At the moment of writing this I’ve just come off the back of finishing a really incredible book – you know those books you read that just take you completely out of your own mind and into a world that is so far removed from yours, but somehow it feels like yours anyway? There’s books I’ve read so far over my life that mark little passages in time for me, like I can remember what was happening in my life at that point in time because of how I felt when reading that book. I’ve got a book that takes me straight back to my primary school days – the first book I ever really loved and would read over and over to this day. A book that I read as my dad drove away from my mum and us at our St. Leonards home – the beginning of a divorce but not the ending of a family. There’s a book for my first kiss, my first shared house, but funnily enough there’s not a book for my first (and only) love Andrew, because I was always too caught up in seeing him to even look at a book.

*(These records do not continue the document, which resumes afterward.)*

(* Let $f:\mathbb{R}^n\to\mathbb{R}$ and $c:\mathbb{R}^n\to\mathbb{R}^m$ ($m<n$) be smooth, with $g=\nabla f$ and Jacobian $J=\nabla c$. Suppose noisy evaluations satisfy, for all $x$, $|\tilde f(x)-f(x)|\le\epsilon_f$, $\|\tilde c(x)-c(x)\|_1\le\epsilon_c$, $\|\tilde g(x)-g(x)\|\le\epsilon_g$, $\|\tilde J(x)-J(x)\|_{1,2}\le\epsilon_J$. Let $\{x_k\}$ be a sequence with $\sigma_{\min}(J_k)\ge\gamma>\epsilon_J$ for all $k$; set $\delta=1/(\gamma-\epsilon_J)$, $\eta=1/\gamma$. For $\beta_k>0$ let $d_k$ solve $\min_d\tfrac12\beta_k\|d\|^2+\tilde g_k^Td$ s.t. $\tilde c_k+\tilde J_kd=0$; fix $\tau\in(0,1)$ and suppose $\pi_k\ge\frac{1}{1-\tau}\|(\tilde J_k\tilde J_k^T)^{-1}\tilde J_k\tilde g_k\|_\infty$ for every $k$. Define, for $x\in\mathbb{R}^n$, $\beta>0$, $\pi>0$, $$E(x,\beta,\pi)=\frac{1}{\beta}\big(\|g(x)\|^2\eta\epsilon_J+\epsilon_g\|g(x)\|\big)+\epsilon_g\delta(\|c(x)\|_1+\epsilon_c)+\pi\Big[(2-\tau)\epsilon_c+\epsilon_J\Big(\delta(\|c(x)\|_1+\epsilon_c)+\frac{1}{\beta}\big(\|P(x)g(x)\|+\|g(x)\|\eta\epsilon_J+\epsilon_g\big)\Big)\Big].$$ Choose any $\theta_1\in[0,1)$. For any $x_k$ such that $$(1-\theta_1)\Big(\frac{1}{\beta_k}g_k^TP_kg_k+\tau\pi_k\|c_k\|_1\Big)\ge E(x_k,\beta_k,\pi_k),$$ we have $$\ell(x_k;d_k)\le-\theta_1\Big(\frac{1}{\beta_k}g_k^TP_kg_k+\tau\pi_k\|c_k\|_1\Big),$$ where $\ell(x_k;d_k)=g_k^Td_k+\pi_k\|c_k+J_kd_k\|_1-\pi_k\|c_k\|_1$.
   Context: $\|\cdot\|$ is the Euclidean norm; $\|A\|_{1,2}=\sup_{x\ne0}\|Ax\|_1/\|x\|$; $\sigma_{\min}$ is the smallest singular value. Subscript $k$ denotes evaluation at $x_k$. $P(x)=I-J(x)^T(J(x)J(x)^T)^{-1}J(x)$ and $P_k=P(x_k)$. *)

theory Defs
  imports "HOL-Analysis.Analysis"
begin

definition l1norm :: "real ^ 'm \<Rightarrow> real" where
  "l1norm v = (\<Sum>i\<in>UNIV. \<bar>v $ i\<bar>)"

definition opnorm12 :: "real ^ 'n ^ 'm \<Rightarrow> real" where
  "opnorm12 A = Sup {l1norm (A *v x) / norm x | x. x \<noteq> 0}"

text \<open>Smallest singular value of an m x n matrix with m \<le> n
  (the m singular values of J are those of its transpose, a tall matrix):
  the minimum of the Euclidean norm of J^T y over unit vectors y.\<close>
definition sigma_min :: "real ^ 'n ^ 'm \<Rightarrow> real" where
  "sigma_min J = Inf {norm (transpose J *v y) | y. norm y = 1}"

definition Pmat :: "real ^ 'n ^ 'm \<Rightarrow> real ^ 'n ^ 'n" where
  "Pmat J = mat 1 - transpose J ** matrix_inv (J ** transpose J) ** J"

It’s not always good memories and it’s not always bad memories but they’re always so vivid and maybe you can compare it to a certain smell that hits your nose and takes you back to a person, place or moment. On the morning of Monday the 12th of March 2018 I’ll remember the overcast sky and how eerily quiet the city was for a Monday morning – the sound of people sleeping in on a long weekend. I’ll remember how freezing cold my bare feet and hands were but how happy this made me – all the good books I’ve ever read have left me cold, with no time to pause for even a sock. I’ll remember the stress I felt from the terrible sleep and odd nightmares had before that morning, and how reading that book quite literally pulled that stress slowly out of me like tugging on a piece of string. I’ll remember quietly crying into the last few chapters of ‘The Book Thief’ by Markus Zusak and thinking how lucky to have finished it on a morning with no one around, no one to step in it, just the cold air and that anticipation you get when you near the end of an incredible read. What a perfect moment.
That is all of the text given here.